I remember when the film first came out, being amused that Tarantino was labeled both a misogynist and a feminist. I didn't take the debate seriously, since here's my take on Kill Bill: This movie is ostensibly about women, but it's not about women. Because all of the women behave like men. (Or really, teenage boys.)

Now, I have nothing against action adventure flicks, or on screen violence, or the whole QT oeuvre. Fan of Pulp Fiction. Liked Reservoir Dogs, what I can remember. Have not seen Django Unchained. (Read: "I'm not really a film gal.")

But seeing the filmmaker get a pass to push Kill Bill down the "girl power" stream, even some 10 years later, kind of rankles me. Sorry. This is totally a man's movie where the central kick-ass characters happen to look like women, but that's as far as it goes. Everything they do, and everything they have experienced, comes from a man's mind. The outrageous world Tarantino has created is one where, quite simply, women become men.

Characters like The Bride, O-Ren Ishii and Gogo Ubari live in an interesting world. But do we really want - as Tarantino has suggested - to hold it up to teenage girls as an inspiration? Ouch!

Me, I'd rather see a movie with women who act and react like women. Although I don't mind if they kick some ass while they do.
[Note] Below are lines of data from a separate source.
lemma Qp_qcong_Suc: "x \<in> Qp p \<Longrightarrow> qcong (x n) (x (Suc n)) (of_nat (p ^ n))"
  using QpD(4) qcong_rmod by metis

lemma of_nat_power_eq_mult: "n \<le> m \<Longrightarrow> (of_nat (p ^ m) :: rat) = of_int (int (p ^ (m - n))) * of_nat (p ^ n)"
  by (simp flip: power_add)

lemma Qp_qcong:
  assumes "x \<in> Qp p" "n \<le> m"
  shows "qcong (x n) (x m) (of_nat (p ^ n))"
  using assms(2)
proof (induction m rule: dec_induct)
  case (step m)
  have "qcong (x m) (x (Suc m)) (of_nat (p ^ n))"
    using Qp_qcong_Suc[OF assms(1)] of_nat_power_eq_mult[OF step(1)] by (rule qcong_divisor)
  with step show ?case using qcong_trans by blast
qed simp

lemma Qp_rmodI:
  assumes "p > 0" "\<And>n. pint p (w n)" "\<And>n. qcong (w n) (w (Suc n)) (of_nat (p ^ n))"
  shows "(\<lambda>n. rmod (w n) (of_nat (p ^ n))) \<in> Qp p"
  unfolding Qp_def
proof (safe)
  fix n
  have pos: "(of_nat (p ^ n) :: rat) > 0" using assms(1) by simp
  show "pint p (rmod (w n) (of_nat (p ^ n)))" using pint_rmod assms by blast
  show "0 \<le> rmod (w n) (of_nat (p ^ n))" "rmod (w n) (of_nat (p ^ n)) < of_nat (p ^ n)"
    using rmod_bounds[OF pos] by auto
  have "qcong (rmod (w (Suc n)) (of_nat (p ^ Suc n))) (w (Suc n)) (of_nat (p ^ n))"
    by (rule qcong_divisor[OF qcong_rmod of_nat_power_eq_mult[of n "Suc n" p]]) simp
  then have "qcong (w n) (rmod (w (Suc n)) (of_nat (p ^ Suc n))) (of_nat (p ^ n))"
    using assms(3) qcong_sym qcong_trans by blast
  then show "rmod (w n) (of_nat (p ^ n)) = rmod (rmod (w (Suc n)) (of_nat (p ^ Suc n))) (of_nat (p ^ n))"
    using rmod_eq_iff[OF pos] by blast
qed

lemma pzero_Qp: "p > 0 \<Longrightarrow> pzero \<in> Qp p"
  unfolding Qp_def pzero_def rmod_def using pint_of_int[of p 0] by simp

lemma qemb_Qp: "p > 0 \<Longrightarrow> pint p q \<Longrightarrow> qemb p q \<in> Qp p"
  unfolding qemb_def by (rule Qp_rmodI) simp_all

lemma padd_Qp: "p > 0 \<Longrightarrow> x \<in> Qp p \<Longrightarrow> c \<in> Qp p \<Longrightarrow> padd p x c \<in> Qp p"
  unfolding padd_def by (intro Qp_rmodI pint_add QpD(1) qcong_add Qp_qcong_Suc)

lemma psub_Qp: "p > 0 \<Longrightarrow> x \<in> Qp p \<Longrightarrow> c \<in> Qp p \<Longrightarrow> psub p x c \<in> Qp p"
  unfolding psub_def by (intro Qp_rmodI pint_diff QpD(1) qcong_diff Qp_qcong_Suc)

lemma padd_pzero:
  assumes "b \<in> Qp p"
  shows "padd p pzero b = b"
proof
  fix n
  show "padd p pzero b n = b n"
    unfolding padd_def pzero_def using QpD(2,3)[OF assms, of n] by (simp add: rmod_eq_self)
qed

lemma qcong_times_p:
  assumes "p > 0" "qcong u v (of_nat (p ^ n))"
  shows "qcong (of_nat p * u) (of_nat p * v) (of_nat (p ^ Suc n))"
  using qcong_cmult_iff[of "of_nat p" u v "of_nat (p ^ n)"] assms by simp

lemma qcong_divide_p:
  assumes "p > 0" "qcong u v (of_nat (p ^ Suc n))"
  shows "qcong (u / of_nat p) (v / of_nat p) (of_nat (p ^ n))"
  using qcong_cmult_iff[of "of_nat p" "u / of_nat p" "v / of_nat p" "of_nat (p ^ n)"] assms by simp

lemma pdivp_eq_rmod:
  assumes "p > 0" "x \<in> Qp p"
  shows "pdivp p x = (\<lambda>n. rmod (x (Suc n) / of_nat p) (of_nat (p ^ n)))"
proof
  fix n
  have "0 \<le> x (Suc n) / of_nat p" "x (Suc n) / of_nat p < of_nat (p ^ n)"
    using QpD(2,3)[OF assms(2), of "Suc n"] assms(1) by (simp_all add: divide_less_eq mult.commute)
  then show "pdivp p x n = rmod (x (Suc n) / of_nat p) (of_nat (p ^ n))"
    unfolding pdivp_def by (simp add: rmod_eq_self)
qed

lemma pdivp_Qp: "p > 0 \<Longrightarrow> x \<in> Qp p \<Longrightarrow> pdivp p x \<in> Qp p"
  unfolding pdivp_eq_rmod by (intro Qp_rmodI pint_divide_p QpD(1) qcong_divide_p Qp_qcong_Suc)

text \<open>The centre \<open>p (a + c)\<close> of the ball \<open>{x. x/p - a \<in> B\<^sub>\<gamma>(c)}\<close>.\<close>

definition pmulp_add :: "nat \<Rightarrow> padic \<Rightarrow> padic \<Rightarrow> padic" where
  "pmulp_add p a c = (\<lambda>n. rmod (of_nat p * (a n + c n)) (of_nat (p ^ n)))"

lemma pmulp_add_Qp:
  assumes "p > 0" "a \<in> Qp p" "c \<in> Qp p"
  shows "pmulp_add p a c \<in> Qp p"
  unfolding pmulp_add_def
proof (intro Qp_rmodI pint_mult pint_of_nat pint_add QpD(1) assms)
  fix n
  have "qcong (of_nat p * (a n + c n)) (of_nat p * (a (Suc n) + c (Suc n))) (of_nat (p ^ Suc n))"
    using assms by (intro qcong_times_p qcong_add Qp_qcong_Suc)
  then show "qcong (of_nat p * (a n + c n)) (of_nat p * (a (Suc n) + c (Suc n))) (of_nat (p ^ n))"
    by (rule qcong_divisor[OF _ of_nat_power_eq_mult[of n "Suc n" p]]) simp
qed

section \<open>Balls\<close>

text \<open>\<open>B\<^sub>\<gamma>(a)\<close> is the coset \<open>a + p\<^sup>-\<^sup>\<gamma> \<int>\<^sub>p\<close>; on residues this becomes a congruence modulo \<open>p\<^sup>-\<^sup>\<gamma>\<close>.\<close>

definition ball_modulus :: "nat \<Rightarrow> int \<Rightarrow> rat" where
  "ball_modulus p \<gamma> = of_nat p powi (- \<gamma>)"

lemma ball_modulus_of_nat_power: "ball_modulus p (- int j) = of_nat (p ^ j)"
  unfolding ball_modulus_def by simp
(* Let $\mathcal{C}$ be a d-category. A $\mathcal{C}$-language $L$ is regular if and only if (1) the sets $\mathrm{src}(L)$ and $\mathrm{tgt}(L)$ are finite, and (2) ${}_UL_V$ is regular for all $U\in\mathrm{src}(L)$ and $V\in\mathrm{tgt}(L)$.
   Context: A d-category is a small category $\mathcal{C}$ with wide subcategories $\mathcal{C}^+$ (formorphisms) and $\mathcal{C}^-$ (backmorphisms) such that an invertible $\varphi$ is in $\mathcal{C}^+$ iff $\varphi^{-1}\in\mathcal{C}^-$. A $\mathcal{C}$-automaton is a presheaf $X:\mathcal{C}^{op}\to\mathbf{Set}$ with sets of start and accept elements (elements are pairs $(U,x)$, $x\in X[U]$); morphisms preserve them. A linear category is a bipointed d-category isomorphic to a finite (possibly empty) concatenation (gluing $\top$ to $\bot$) of $\mathbf S$ (formorphism $\bot\to\top$), $\mathbf T$ (backmorphism $\top\to\bot$), $\mathbf I$ (inverse pair); a path is a d-functor $\omega:\mathcal I\to\mathcal{C}$ from one; its track object is $\operatorname{colim}_i\mathcal{C}(-,\omega(i))$ with single start element image of $\mathrm{id}_{\omega(\bot)}$ (lying over $\mathrm{src}=\omega(\bot)$) and single accept element image of $\mathrm{id}_{\omega(\top)}$ (over $\mathrm{tgt}=\omega(\top)$); track objects are automata isomorphic to such. $\Delta\sqsubseteq\Gamma$ if there is an automaton morphism $\Delta\to\Gamma$. A $\mathcal{C}$-language is a class of track objects down-closed under $\sqsubseteq$. $\mathrm{Lang}(X)$ is the class of track objects admitting an automaton morphism to $X$. A presheaf $X$ is finitely generated if $X\cong\operatorname{colim}_{e\in\mathcal{E}}\mathcal{C}(-,G(e))$ for some finite category $\mathcal{E}$ and functor $G:\mathcal{E}\to\mathcal{C}$; an automaton has finite type if its presheaf is finitely generated and it has finitely many start and accept elements. $L$ is regular if $L=\mathrm{Lang}(X)$ for some finite-type automaton $X$. $\mathrm{src}(L)=\{\mathrm{src}\Gamma\mid\Gamma\in L\}$, $\mathrm{tgt}(L)=\{\mathrm{tgt}\Gamma\mid\Gamma\in L\}$, ${}_UL_V=\{\Gamma\in L\mid\mathrm{src}\Gamma=U,\mathrm{tgt}\Gamma=V\}$. *)

theory Defs
  imports Main
begin

record ('o,'m) cat =
  obs  :: "'o set"
  mors :: "'m set"
  dm   :: "'m \<Rightarrow> 'o"
  cd   :: "'m \<Rightarrow> 'o"
  cmp  :: "'m \<Rightarrow> 'm \<Rightarrow> 'm"   (* cmp C g f = g o f *)
  idt  :: "'o \<Rightarrow> 'm"

record ('o,'m) dcat = "('o,'m) cat" +
  fwd :: "'m set"
  bwd :: "'m set"

definition hom :: "('o,'m,'z) cat_scheme \<Rightarrow> 'o \<Rightarrow> 'o \<Rightarrow> 'm set" where
  "hom C U V = {f \<in> mors C. dm C f = U \<and> cd C f = V}"

definition is_cat :: "('o,'m,'z) cat_scheme \<Rightarrow> bool" where
  "is_cat C \<longleftrightarrow>
     (\<forall>f\<in>mors C. dm C f \<in> obs C \<and> cd C f \<in> obs C) \<and>
     (\<forall>U\<in>obs C. idt C U \<in> hom C U U) \<and>
     (\<forall>f\<in>mors C. \<forall>g\<in>mors C. dm C g = cd C f \<longrightarrow> cmp C g f \<in> hom C (dm C f) (cd C g)) \<and>
     (\<forall>f\<in>mors C. cmp C f (idt C (dm C f)) = f \<and> cmp C (idt C (cd C f)) f = f) \<and>
     (\<forall>f\<in>mors C. \<forall>g\<in>mors C. \<forall>h\<in>mors C. dm C g = cd C f \<longrightarrow> dm C h = cd C g \<longrightarrow>
        cmp C h (cmp C g f) = cmp C (cmp C h g) f)"

definition inverse_pair :: "('o,'m,'z) cat_scheme \<Rightarrow> 'm \<Rightarrow> 'm \<Rightarrow> bool" where
  "inverse_pair C f g \<longleftrightarrow> f \<in> mors C \<and> g \<in> mors C \<and> dm C g = cd C f \<and> cd C g = dm C f \<and>
     cmp C g f = idt C (dm C f) \<and> cmp C f g = idt C (cd C f)"

definition wide_subcat :: "('o,'m,'z) cat_scheme \<Rightarrow> 'm set \<Rightarrow> bool" where
  "wide_subcat C S \<longleftrightarrow> S \<subseteq> mors C \<and> (\<forall>U\<in>obs C. idt C U \<in> S) \<and>
     (\<forall>f\<in>S. \<forall>g\<in>S. dm C g = cd C f \<longrightarrow> cmp C g f \<in> S)"

definition is_dcat :: "('o,'m,'z) dcat_scheme \<Rightarrow> bool" where
  "is_dcat C \<longleftrightarrow> is_cat C \<and> wide_subcat C (fwd C) \<and> wide_subcat C (bwd C) \<and>
     (\<forall>f g. inverse_pair C f g \<longrightarrow> (f \<in> fwd C \<longleftrightarrow> g \<in> bwd C))"

definition is_functor :: "(nat,nat,'z) cat_scheme \<Rightarrow> ('o,'m,'y) cat_scheme \<Rightarrow>
    (nat \<Rightarrow> 'o) \<Rightarrow> (nat \<Rightarrow> 'm) \<Rightarrow> bool" where
  "is_functor E C Gob Gmor \<longleftrightarrow>
     (\<forall>e\<in>obs E. Gob e \<in> obs C) \<and>
     (\<forall>a\<in>mors E. Gmor a \<in> hom C (Gob (dm E a)) (Gob (cd E a))) \<and>
     (\<forall>e\<in>obs E. Gmor (idt E e) = idt C (Gob e)) \<and>
     (\<forall>a\<in>mors E. \<forall>b\<in>mors E. dm E b = cd E a \<longrightarrow> Gmor (cmp E b a) = cmp C (Gmor b) (Gmor a))"

(* A presheaf X : C^op -> Set: X[U] = Xs X U, and act X f : X[cd f] -> X[dm f]. *)
record ('o,'m,'x) aut =
  Xs  :: "'o \<Rightarrow> 'x set"
  act :: "'m \<Rightarrow> 'x \<Rightarrow> 'x"
  st  :: "('o \<times> 'x) set"   (* start elements *)
  ac  :: "('o \<times> 'x) set"   (* accept elements *)

definition elems :: "('o,'m,'x) aut \<Rightarrow> ('o \<times> 'x) set" where
  "elems X = {(U,x). x \<in> Xs X U}"

definition is_presheaf :: "('o,'m,'z) cat_scheme \<Rightarrow> ('o,'m,'x) aut \<Rightarrow> bool" where
  "is_presheaf C X \<longleftrightarrow>
     (\<forall>U. U \<notin> obs C \<longrightarrow> Xs X U = {}) \<and>
     (\<forall>f\<in>mors C. \<forall>x\<in>Xs X (cd C f). act X f x \<in> Xs X (dm C f)) \<and>
     (\<forall>U\<in>obs C. \<forall>x\<in>Xs X U. act X (idt C U) x = x) \<and>
     (\<forall>f\<in>mors C. \<forall>g\<in>mors C. dm C g = cd C f \<longrightarrow>
        (\<forall>x\<in>Xs X (cd C g). act X (cmp C g f) x = act X f (act X g x)))"

definition is_automaton :: "('o,'m,'z) cat_scheme \<Rightarrow> ('o,'m,'x) aut \<Rightarrow> bool" where
  "is_automaton C X \<longleftrightarrow> is_presheaf C X \<and> st X \<subseteq> elems X \<and> ac X \<subseteq> elems X"

definition psh_hom :: "('o,'m,'z) cat_scheme \<Rightarrow> ('o,'m,'x) aut \<Rightarrow> ('o,'m,'y) aut \<Rightarrow>
    ('o \<Rightarrow> 'x \<Rightarrow> 'y) \<Rightarrow> bool" where
  "psh_hom C X Y \<eta> \<longleftrightarrow>
     (\<forall>U x. x \<in> Xs X U \<longrightarrow> \<eta> U x \<in> Xs Y U) \<and>
     (\<forall>f\<in>mors C. \<forall>x\<in>Xs X (cd C f). \<eta> (dm C f) (act X f x) = act Y f (\<eta> (cd C f) x))"

definition psh_iso :: "('o,'m,'z) cat_scheme \<Rightarrow> ('o,'m,'x) aut \<Rightarrow> ('o,'m,'y) aut \<Rightarrow> bool" where
  "psh_iso C X Y \<longleftrightarrow> (\<exists>\<eta> \<theta>. psh_hom C X Y \<eta> \<and> psh_hom C Y X \<theta> \<and>
     (\<forall>U x. x \<in> Xs X U \<longrightarrow> \<theta> U (\<eta> U x) = x) \<and>
     (\<forall>U y. y \<in> Xs Y U \<longrightarrow> \<eta> U (\<theta> U y) = y))"

definition aut_hom :: "('o,'m,'z) cat_scheme \<Rightarrow> ('o,'m,'x) aut \<Rightarrow> ('o,'m,'y) aut \<Rightarrow>
    ('o \<Rightarrow> 'x \<Rightarrow> 'y) \<Rightarrow> bool" where
  "aut_hom C X Y \<eta> \<longleftrightarrow> psh_hom C X Y \<eta> \<and>
     (\<forall>(U,x)\<in>st X. (U, \<eta> U x) \<in> st Y) \<and>
     (\<forall>(U,x)\<in>ac X. (U, \<eta> U x) \<in> ac Y)"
The film I'm commenting on tomorrow also passes The Bechdel Test according to reviewers at But the scene that's mentioned first as the reason it passes doesn't sail through the Test when qualifiers are most "strictly" applied (e.g., a former boyfriend is mentioned and a relationship with a male colleague is discussed...for more, see Thursday's post.) We need screenplays that pass the Bechdel Test and then go "Beyond the Bechdel Test" in terms of delivering complex, authentic representations of women on screen. It's time! Has anyone written up criteria for female representation onscreen that builds on the Bechdel Test (from 1985), and calls for additional qualifications, perhaps 21st century specific ones? If you know of sources, please let us know in comments. Is someone working on "The Bechdel Test and Beyond?" If we could add additional components to The Bechdel Test to encourage more complex representations of women onscreen, what would those be? Could additional qualifications to the Test address the issue you discuss, Jennie--the male-authored female as mimetic reflection?

Not being beloved of tests or testing (or rules) in general, the deal for me is to take The Bechdel Test for what it is: a meter that gives us a new perspective. Right? I think the power of the Bechdel Test is in its simplicity. (And as I said, I'm fascinated by the debate over even this on the site!) But yes, I agree: "Beyond the Bechdel Test" is where it will get even more interesting! (Hmmm. Can we do that, and find a way to measure sans "test?")

Great piece on Tarantino! The thing about Tarantino is, he represents a new generation of young women--the girls doing kick boxing, karate, fencing, and shooting bullseyes at the gun club. I'm one of those "girls"--the first group to ride the first wave of feminism and read the female-centered storylines of X-Men, where both Storm and Mystique were created in much the same way, and in the same decade. In some ways, thinking women wouldn't do the sorts of things Uma Thurman's character manages to pull off, to be that tough, that strong--underestimates women in much the same way traditional hegemonic discourse does. We're not supposed to be decisive, aggressive or direct--we're supposed to be poised, graceful and polite. Personally, I prefer black leather to a pink tu-tu. And because of that, I've been in hostile hand-to-hand combat with a man twice my size...and walked away unscathed. Can't say the same for my attacker. The gentle woman is a myth created by patriarchy; I find it refreshing to have a man imagine women as something more...and Tarantino's self-made genre is a great medium to not only showcase women, but also, parody the absurdity of the performative.

Thanks for your comment, and your valuable perspective! And no, I don't think that a woman has to wear a tutu to act womanly, nor do I think wearing black leather or kicking ass makes her manly. For me, it's not about Uma Thurman's character managing to do things. It's about the thought process inside her head, which is - to me - that of a teenage boy, rather than an fully realized woman. So it goes deeper than what the characters do, it's why and how they do them, and the lack of substance there to psychologically hang onto, even as we enjoy the surreal spectacle and displays of prowess. My take and glad there are others. Love the work that you're doing; I'd put you in charge of girl power any day!